Consider ladybird beetles. Their colorful armor is a warning. If harassed, they squeeze out a foul-tasting substance from their joints and seams. Similarly, wasps (and a variety of bees) have their own bright colors to remind predators that, if threatened, they will retaliate with stings.
Camouflage refers to the color patterns, behaviors, and shapes that God designed to allow a creature to match its surroundings, making it very difficult for predators to see.
A good example is the walking stick. As its name implies, it looks like a stick and is almost indistinguishable from surrounding twigs. The joints and seams on its six legs match the pattern of how smaller twigs branch from larger twigs at their nodes. It also walks with slow, wobbly, and halting strides that mimic the gentle sway of the slender branches on which it walks.
The list of camouflage designs is seemingly endless. Certain treehoppers, for example, look like thorns. The dead leaf butterfly folds its wings to look like a dead leaf, complete with a leaf stalk (petiole) attached.
A number of insects are pretty skilled at startling predators. Usually they have some sort of hidden marking that’s suddenly displayed when they are threatened.
One example is the polyphemus moth.

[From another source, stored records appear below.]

theorem accuracy_reached:
  assumes nu: "0 \<le> \<nu>" "\<nu> \<le> 1" and ne: "holder_consts nrm gf \<nu> \<noteq> {}"
    and \<Theta>: "bregman d gd xs (x 0) \<le> \<Theta>" and N: "uagm_bound \<nu> (holder_M nrm gf \<nu>) \<epsilon> \<Theta> \<le> real N"
  shows "f (x N) - f xs \<le> \<epsilon>"
proof (cases "0 < \<Theta>")
  case True
  have "0 < uagm_bound \<nu> (holder_M nrm gf \<nu>) \<epsilon> \<Theta>"
    unfolding uagm_bound_def using nu holder_M_pos[OF ne] eps True by auto
  then have "1 \<le> N" using N by simp
  then have AN: "0 < A N" using A_Suc_pos by (cases N) auto
  have "bregman d gd xs (x 0) / A N \<le> \<Theta> / A N"
    using \<Theta> AN by (simp add: divide_right_mono)
  also have "\<dots> \<le> \<epsilon> / 2"
    using A_ge_of_bound[OF nu ne True N] AN eps by (simp add: field_simps)
  finally show ?thesis using convergence_rate[OF \<open>1 \<le> N\<close>] by linarith
next
  case False
  then have "(nrm (xs - x 0))\<^sup>2 / 2 \<le> 0" using bregman_ge[OF prox] \<Theta> by (smt (verit))
  then have "xs = x 0" using is_norm_eq_0[OF norm] by simp
  then show ?thesis
    using convergence_rate[of N] eps by (cases N) (auto simp: bregman_def)
qed

end

theorem mainTheorem10:
  fixes nrm :: "'a::euclidean_space \<Rightarrow> real"
    and d :: "'a \<Rightarrow> real" and gd :: "'a \<Rightarrow> 'a"
    and sharp :: "'a \<Rightarrow> 'a"
    and f :: "'a \<Rightarrow> real" and gf :: "'a \<Rightarrow> 'a"
    and xs :: 'a and \<epsilon> \<Theta> :: real
    and x v y :: "nat \<Rightarrow> 'a" and \<beta> h a A :: "nat \<Rightarrow> real"
  assumes norm: "is_norm nrm"
    and prox: "prox_function nrm d gd"
    and sharp: "\<forall>g. nrm (sharp g) \<le> 1 \<and> g \<bullet> sharp g = dual_norm nrm g"
    and fclass: "(convex_on UNIV f \<and> (\<forall>p z. f z \<ge> f p + gf p \<bullet> (z - p)))
              \<or> ((\<forall>p. (f has_derivative (\<lambda>u. gf p \<bullet> u)) (at p)) \<and> continuous_on UNIV gf
                 \<and> (\<forall>p. f p - f xs \<le> gf p \<bullet> (p - xs)))"
    and xs_min: "\<forall>z. f xs \<le> f z"
    and eps: "\<epsilon> > 0"
    and Theta: "\<Theta> \<ge> bregman d gd xs (x 0)"
    and iter: "uagm_iterates nrm d gd sharp f gf \<epsilon> x v y \<beta> h a A"
    and nonzero: "\<forall>k. gf (y k) \<noteq> 0"
  shows "(\<forall>k\<ge>1. f (x k) - f xs \<le> bregman d gd xs (x 0) / A k + \<epsilon> / 2)
       \<and> (\<forall>\<nu> (N::nat). 0 \<le> \<nu> \<and> \<nu> \<le> 1 \<and> holder_consts nrm gf \<nu> \<noteq> {}
            \<and> real N \<ge> uagm_bound \<nu> (holder_M nrm gf \<nu>) \<epsilon> \<Theta>
            \<longrightarrow> f (x N) - f xs \<le> \<epsilon>)"
proof -
  interpret uagm_method nrm d gd sharp f gf xs \<epsilon> x v y \<beta> h a A
    by unfold_locales (use assms in auto)
  show ?thesis
    using convergence_rate accuracy_reached Theta by blast
qed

The large eye-spots on its hind wings are normally covered by the front wings, but when approached by a predator, the front wings shoot forward, exposing the eyespots. These paired ogling “eyes” are known to startle some potential predators.

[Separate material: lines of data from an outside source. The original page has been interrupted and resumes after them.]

(* For all $X\subseteq\mathrm{Bunch}$ and $Y\in\mathcal C$, the set $X-\!\!\bullet\,Y=\{\Delta\in\mathrm{Bunch}\mid\forall\Delta'\in X.\ (\Delta\mathbin{,}\Delta')\in Y\}$ belongs to $\mathcal C$ (i.e. is closed).
   Context: Formulas of BI: $\varphi,\psi ::= \top \mid \bot \mid \varphi\wedge\psi \mid \varphi\vee\psi \mid \varphi\to\psi \mid \mathsf{emp} \mid \varphi\ast\psi \mid \varphi -\!\!\ast\, \psi \mid a$, $a\in\mathrm{Atom}$. Bunches are finite binary trees whose leaves are formulas or empty bunches $\varnothing_m,\varnothing_a$ and whose internal nodes are labelled by the multiplicative comma ($\Delta_1\mathbin{,}\Delta_2$) or the additive semicolon ($\Delta_1\mathbin{;}\Delta_2$). A bunched context $\Delta(-)$ is a bunch with one leaf replaced by a hole; $\Delta(\Gamma)$ fills it with $\Gamma$. Bunch equivalence $\equiv$ is the least equivalence relation making $\mathbin{,}$ commutative, associative with unit $\varnothing_m$, $\mathbin{;}$ commutative, associative with unit $\varnothing_a$, and closed under contexts; $\mathrm{Bunch}$ is the set of bunches modulo $\equiv$, a commutative monoid under $\Delta\cdot\Delta'=(\Delta\mathbin{,}\Delta')$ with unit $\varnothing_m$, and $X-\!\!\bullet\,Y$ denotes the residual of this monoid's pointwise product on $\mathcal P(\mathrm{Bunch})$. The cut-free BI sequent calculus ($\Delta\vdash_{\mathsf{cf}}\varphi$) has the rules: (ax) $a\vdash a$ for atoms $a$; (equiv) from $\Delta'\vdash\varphi$, $\Delta\equiv\Delta'$ infer $\Delta\vdash\varphi$; (W;) from $\Delta(\Delta_1)\vdash\varphi$ infer $\Delta(\Delta_1\mathbin{;}\Delta_2)\vdash\varphi$; (C;) from $\Delta(\Delta_1\mathbin{;}\Delta_1)\vdash\varphi$ infer $\Delta(\Delta_1)\vdash\varphi$; (empR) $\varnothing_m\vdash\mathsf{emp}$; (empL) from $\Delta(\varnothing_m)\vdash\varphi$ infer $\Delta(\mathsf{emp})\vdash\varphi$; ($\ast$R) from $\Delta_1\vdash\varphi$, $\Delta_2\vdash\psi$ infer $\Delta_1\mathbin{,}\Delta_2\vdash\varphi\ast\psi$; ($\ast$L) from $\Delta(\varphi\mathbin{,}\psi)\vdash\chi$ infer $\Delta(\varphi\ast\psi)\vdash\chi$; ($-\!\ast$R) from $\Delta\mathbin{,}\varphi\vdash\psi$ infer $\Delta\vdash\varphi-\!\!\ast\,\psi$; ($-\!\ast$L) from $\Delta_1\vdash\varphi$, $\Delta(\Delta_2\mathbin{,}\psi)\vdash\chi$ infer $\Delta((\Delta_1\mathbin{,}\Delta_2)\mathbin{,}(\varphi-\!\!\ast\,\psi))\vdash\chi$; ($\top$R) $\varnothing_a\vdash\top$; ($\top$L) from $\Delta(\varnothing_a)\vdash\varphi$ infer $\Delta(\top)\vdash\varphi$; ($\wedge$R) from $\Delta_1\vdash\varphi$, $\Delta_2\vdash\psi$ infer $\Delta_1\mathbin{;}\Delta_2\vdash\varphi\wedge\psi$; ($\wedge$L) from $\Delta(\varphi\mathbin{;}\psi)\vdash\chi$ infer $\Delta(\varphi\wedge\psi)\vdash\chi$; ($\to$R) from $\Delta\mathbin{;}\varphi\vdash\psi$ infer $\Delta\vdash\varphi\to\psi$; ($\to$L) from $\Delta_1\vdash\varphi$, $\Delta(\Delta_2\mathbin{;}\psi)\vdash\chi$ infer $\Delta((\Delta_1\mathbin{;}\Delta_2)\mathbin{;}(\varphi\to\psi))\vdash\chi$; ($\bot$L) $\Delta(\bot)\vdash\varphi$; ($\vee$R1/2) from $\Delta\vdash\varphi$ (resp. $\Delta\vdash\psi$) infer $\Delta\vdash\varphi\vee\psi$; ($\vee$L) from $\Delta(\varphi)\vdash\chi$, $\Delta(\psi)\vdash\chi$ infer $\Delta(\varphi\vee\psi)\vdash\chi$. (No cut rule.) For a formula $\varphi$, $[\![\varphi]\!]^{\mathrm{out}}=\{\Delta\in\mathrm{Bunch}\mid\Delta\vdash_{\mathsf{cf}}\varphi\}$. For $X\subseteq\mathrm{Bunch}$, $\mathrm{cl}(X)=\bigcap\{[\![\varphi]\!]^{\mathrm{out}}\mid X\subseteq[\![\varphi]\!]^{\mathrm{out}}\}$, and $\mathcal C=\{X\subseteq\mathrm{Bunch}\mid X=\mathrm{cl}(X)\}$. *)

theory Defs
  imports Main
begin

datatype 'a fml =
    FTop | FBot | FAnd "'a fml" "'a fml" | FOr "'a fml" "'a fml" | FImp "'a fml" "'a fml"
  | FEmp | FStar "'a fml" "'a fml" | FWand "'a fml" "'a fml" | FAtom 'a

datatype 'a bunch =
    BFml "'a fml"
  | EmpM
  | EmpA
  | Comma "'a bunch" "'a bunch"
  | Semi "'a bunch" "'a bunch"

datatype 'a ctx =
    Hole
  | CommaL "'a ctx" "'a bunch" | CommaR "'a bunch" "'a ctx"
  | SemiL "'a ctx" "'a bunch"  | SemiR "'a bunch" "'a ctx"

fun fill :: "'a ctx \<Rightarrow> 'a bunch \<Rightarrow> 'a bunch" where
  "fill Hole G = G"
| "fill (CommaL C D) G = Comma (fill C G) D"
| "fill (CommaR D C) G = Comma D (fill C G)"
| "fill (SemiL C D) G = Semi (fill C G) D"
| "fill (SemiR D C) G = Semi D (fill C G)"

inductive beq :: "'a bunch \<Rightarrow> 'a bunch \<Rightarrow> bool" where
  beq_refl: "beq G G"
| beq_sym: "beq G G' \<Longrightarrow> beq G' G"
| beq_trans: "beq G G' \<Longrightarrow> beq G' G'' \<Longrightarrow> beq G G''"
| comma_comm: "beq (Comma G1 G2) (Comma G2 G1)"
| comma_assoc: "beq (Comma (Comma G1 G2) G3) (Comma G1 (Comma G2 G3))"
| comma_unit: "beq (Comma G EmpM) G"
| semi_comm: "beq (Semi G1 G2) (Semi G2 G1)"
| semi_assoc: "beq (Semi (Semi G1 G2) G3) (Semi G1 (Semi G2 G3))"
| semi_unit: "beq (Semi G EmpA) G"
| beq_ctx: "beq G G' \<Longrightarrow> beq (fill C G) (fill C G')"

lemma equivp_beq: "equivp beq"
  by (intro equivpI reflpI sympI transpI) (auto intro: beq.intros)

quotient_type 'a Bunch = "'a bunch" / beq
  by (rule equivp_beq)

inductive cf :: "'a bunch \<Rightarrow> 'a fml \<Rightarrow> bool" where
  ax: "cf (BFml (FAtom a)) (FAtom a)"
| equiv: "cf D' \<phi> \<Longrightarrow> beq D D' \<Longrightarrow> cf D \<phi>"
| weakSemi: "cf (fill C D1) \<phi> \<Longrightarrow> cf (fill C (Semi D1 D2)) \<phi>"
| contrSemi: "cf (fill C (Semi D1 D1)) \<phi> \<Longrightarrow> cf (fill C D1) \<phi>"
| empR: "cf EmpM FEmp"
| empL: "cf (fill C EmpM) \<phi> \<Longrightarrow> cf (fill C (BFml FEmp)) \<phi>"
| starR: "cf D1 \<phi> \<Longrightarrow> cf D2 \<psi> \<Longrightarrow> cf (Comma D1 D2) (FStar \<phi> \<psi>)"
| starL: "cf (fill C (Comma (BFml \<phi>) (BFml \<psi>))) \<chi> \<Longrightarrow> cf (fill C (BFml (FStar \<phi> \<psi>))) \<chi>"
| wandR: "cf (Comma D (BFml \<phi>)) \<psi> \<Longrightarrow> cf D (FWand \<phi> \<psi>)"
| wandL: "cf D1 \<phi> \<Longrightarrow> cf (fill C (Comma D2 (BFml \<psi>))) \<chi> \<Longrightarrow>
          cf (fill C (Comma (Comma D1 D2) (BFml (FWand \<phi> \<psi>)))) \<chi>"
| topR: "cf EmpA FTop"
| topL: "cf (fill C EmpA) \<phi> \<Longrightarrow> cf (fill C (BFml FTop)) \<phi>"
| andR: "cf D1 \<phi> \<Longrightarrow> cf D2 \<psi> \<Longrightarrow> cf (Semi D1 D2) (FAnd \<phi> \<psi>)"
| andL: "cf (fill C (Semi (BFml \<phi>) (BFml \<psi>))) \<chi> \<Longrightarrow> cf (fill C (BFml (FAnd \<phi> \<psi>))) \<chi>"
| impR: "cf (Semi D (BFml \<phi>)) \<psi> \<Longrightarrow> cf D (FImp \<phi> \<psi>)"
| impL: "cf D1 \<phi> \<Longrightarrow> cf (fill C (Semi D2 (BFml \<psi>))) \<chi> \<Longrightarrow>
          cf (fill C (Semi (Semi D1 D2) (BFml (FImp \<phi> \<psi>)))) \<chi>"
| botL: "cf (fill C (BFml FBot)) \<phi>"
| orR1: "cf D \<phi> \<Longrightarrow> cf D (FOr \<phi> \<psi>)"
| orR2: "cf D \<psi> \<Longrightarrow> cf D (FOr \<phi> \<psi>)"
| orL: "cf (fill C (BFml \<phi>)) \<chi> \<Longrightarrow> cf (fill C (BFml \<psi>)) \<chi> \<Longrightarrow> cf (fill C (BFml (FOr \<phi> \<psi>))) \<chi>"

definition bcomma :: "'a Bunch \<Rightarrow> 'a Bunch \<Rightarrow> 'a Bunch" where
  "bcomma D D' = abs_Bunch (Comma (rep_Bunch D) (rep_Bunch D'))"

definition resid :: "'a Bunch set \<Rightarrow> 'a Bunch set \<Rightarrow> 'a Bunch set" where
  "resid X Y = {D. \<forall>D'\<in>X. bcomma D D' \<in> Y}"

definition out :: "'a fml \<Rightarrow> 'a Bunch set" where
  "out \<phi> = {D. cf (rep_Bunch D) \<phi>}"

definition cl :: "'a Bunch set \<Rightarrow> 'a Bunch set" where
  "cl X = \<Inter> {out \<phi> | \<phi>. X \<subseteq> out \<phi>}"

definition closedSets :: "'a Bunch set set" where
  "closedSets = {X. X = cl X}"

end

theory Submission
  imports Defs
begin

text \<open>
  Closed sets are exactly the intersections of sets \<open>[[\<phi>]]out\<close>, so for closed \<open>Y\<close> the
  residual \<open>X -\<bullet> Y\<close> is the intersection, over \<open>\<Delta>' \<in> X\<close> and \<open>\<phi>\<close> with \<open>Y \<subseteq> [[\<phi>]]out\<close>,
  of the sets \<open>{\<Delta> | \<Delta>, \<Delta>' \<turnstile> \<phi>}\<close>. Each of these is \<open>[[F \<Delta>' -* \<phi>]]out\<close>, where \<open>F \<Delta>'\<close>
  reads the commas of \<open>\<Delta>'\<close> as \<open>*\<close>, the semicolons as \<open>\<and>\<close> and the empty bunches as \<open>emp\<close>
  and \<open>\<top>\<close>. That identity needs the invertibility of \<open>-*R\<close> and of the left rules for \<open>*\<close>,
  \<open>\<and>\<close>, \<open>emp\<close>, \<open>\<top>\<close> in the cut-free calculus. The latter holds because unfolding these
  connectives everywhere in a bunch at once commutes with every rule, which avoids any
  reasoning about overlapping contexts.
\<close>

lemma cf_wandR_inv: "cf D (FWand A B) \<Longrightarrow> cf (Comma D (BFml A)) B"
proof (induction D "FWand A B" rule: cf.induct)
  case (equiv D' D)
  have "beq (Comma D (BFml A)) (Comma D' (BFml A))"
    using beq.beq_ctx[OF equiv.hyps(3), of "CommaL Hole (BFml A)"] by simp
  then show ?case using cf.equiv equiv.hyps(2) by blast
next
  case weakSemi then show ?case by (metis cf.weakSemi fill.simps(2))
next
  case contrSemi then show ?case by (metis cf.contrSemi fill.simps(2))
next
  case empL then show ?case by (metis cf.empL fill.simps(2))
next
  case starL then show ?case by (metis cf.starL fill.simps(2))
next
  case topL then show ?case by (metis cf.topL fill.simps(2))
next
  case andL then show ?case by (metis cf.andL fill.simps(2))
next
  case wandL then show ?case by (metis cf.wandL fill.simps(2))
next
  case impL then show ?case by (metis cf.impL fill.simps(2))
next
  case botL then show ?case by (metis cf.botL fill.simps(2))
next
  case orL then show ?case by (metis cf.orL fill.simps(2))
qed auto

fun ctx_comp :: "'a ctx \<Rightarrow> 'a ctx \<Rightarrow> 'a ctx" where
  "ctx_comp Hole D = D"
| "ctx_comp (CommaL C B) D = CommaL (ctx_comp C D) B"
| "ctx_comp (CommaR B C) D = CommaR B (ctx_comp C D)"
| "ctx_comp (SemiL C B) D = SemiL (ctx_comp C D) B"
| "ctx_comp (SemiR B C) D = SemiR B (ctx_comp C D)"

lemma fill_ctx_comp [simp]: "fill (ctx_comp C D) G = fill C (fill D G)"
  by (induction C) auto

fun fml_of_bunch :: "'a bunch \<Rightarrow> 'a fml" where
  "fml_of_bunch (BFml f) = f"
| "fml_of_bunch EmpM = FEmp"
| "fml_of_bunch EmpA = FTop"
| "fml_of_bunch (Comma a b) = FStar (fml_of_bunch a) (fml_of_bunch b)"
| "fml_of_bunch (Semi a b) = FAnd (fml_of_bunch a) (fml_of_bunch b)"

fun unfold_fml :: "'a fml \<Rightarrow> 'a bunch" where
  "unfold_fml (FStar a b) = Comma (unfold_fml a) (unfold_fml b)"
| "unfold_fml (FAnd a b) = Semi (unfold_fml a) (unfold_fml b)"
| "unfold_fml FEmp = EmpM"
| "unfold_fml FTop = EmpA"
| "unfold_fml f = BFml f"

fun unfold_bunch :: "'a bunch \<Rightarrow> 'a bunch" where
  "unfold_bunch (BFml f) = unfold_fml f"
| "unfold_bunch EmpM = EmpM"
| "unfold_bunch EmpA = EmpA"
| "unfold_bunch (Comma a b) = Comma (unfold_bunch a) (unfold_bunch b)"
| "unfold_bunch (Semi a b) = Semi (unfold_bunch a) (unfold_bunch b)"

fun unfold_ctx :: "'a ctx \<Rightarrow> 'a ctx" where
  "unfold_ctx Hole = Hole"
| "unfold_ctx (CommaL C D) = CommaL (unfold_ctx C) (unfold_bunch D)"
| "unfold_ctx (CommaR D C) = CommaR (unfold_bunch D) (unfold_ctx C)"
| "unfold_ctx (SemiL C D) = SemiL (unfold_ctx C) (unfold_bunch D)"
| "unfold_ctx (SemiR D C) = SemiR (unfold_bunch D) (unfold_ctx C)"

lemma unfold_bunch_fill [simp]: "unfold_bunch (fill C G) = fill (unfold_ctx C) (unfold_bunch G)"
  by (induction C) auto

lemma unfold_fml_fml_of_bunch [simp]: "unfold_fml (fml_of_bunch G) = unfold_bunch G"
  by (induction G) auto

lemma beq_unfold_bunch: "beq D D' \<Longrightarrow> beq (unfold_bunch D) (unfold_bunch D')"
proof (induction rule: beq.induct)
  case beq_ctx
  then show ?case by (simp add: beq.beq_ctx)
qed (auto intro: beq.intros)

lemma cf_fill_unfold_fml: "cf (fill C (unfold_fml \<phi>)) \<chi> \<Longrightarrow> cf (fill C (BFml \<phi>)) \<chi>"
proof (induction \<phi> arbitrary: C)
  case (FAnd a b)
  have "cf (fill (ctx_comp C (SemiL Hole (unfold_fml b))) (unfold_fml a)) \<chi>"
    using FAnd.prems by simp
  then have "cf (fill (ctx_comp C (SemiR (BFml a) Hole)) (unfold_fml b)) \<chi>"
    using FAnd.IH(1) by fastforce
  then have "cf (fill C (Semi (BFml a) (BFml b))) \<chi>"
    using FAnd.IH(2) by fastforce
  then show ?case by (rule cf.andL)
next
  case (FStar a b)
  have "cf (fill (ctx_comp C (CommaL Hole (unfold_fml b))) (unfold_fml a)) \<chi>"
    using FStar.prems by simp
  then have "cf (fill (ctx_comp C (CommaR (BFml a) Hole)) (unfold_fml b)) \<chi>"
    using FStar.IH(1) by fastforce
  then have "cf (fill C (Comma (BFml a) (BFml b))) \<chi>"
    using FStar.IH(2) by fastforce
  then show ?case by (rule cf.starL)
qed (auto intro: cf.empL cf.topL)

Certain praying mantises perform this stunt as well, but they also brandish their formidable front legs in case the eyespots aren’t threatening enough.
Reflex immobility—this is entomology’s fancy term for playing dead. Many beetles practice this stunt. It consists of simply not moving at all. Some predators are stimulated by walking, running, or wriggling. Inactive prey doesn’t attract attention. This reflex can cause the predator to lose track or interest and wander off to eat something that looks alive.
Autotomy literally means to “cut self.” Essentially, these critters have quick-release appendages that snap off at the least tug from a predator. A number of insects have this peculiar ability, but walking sticks are real pros at it. When a predator seizes a leg, the appendage pops off at its base and usually continues to twitch for some time, occupying the offending predator, which fancies itself a successful hunter. Meanwhile, the walking stick hobbles away with five legs. If it hasn’t reached adulthood, the walking stick will replace the leg during subsequent molts (shedding its outer layer), though the new leg may be smaller in size.
Too Sophisticated for Random Mutations
The defense mechanisms of just about every group in the animal kingdom could provide us with a lifetime of enjoyable study. Many arthropods are particularly well-equipped for defense. Their defensive features require interconnected designs in anatomy, physiology, and behavior, many of which are too sophisticated and complex to give credit to random degenerative mutations. It appears, instead, that these abilities were genetically present in the original creatures, but activated after Adam sinned, when God cursed the creation.
The glory must go to God for the amazing creativity and care that He lavishes on so many creatures that would otherwise be defenseless in a fallen world full of predators.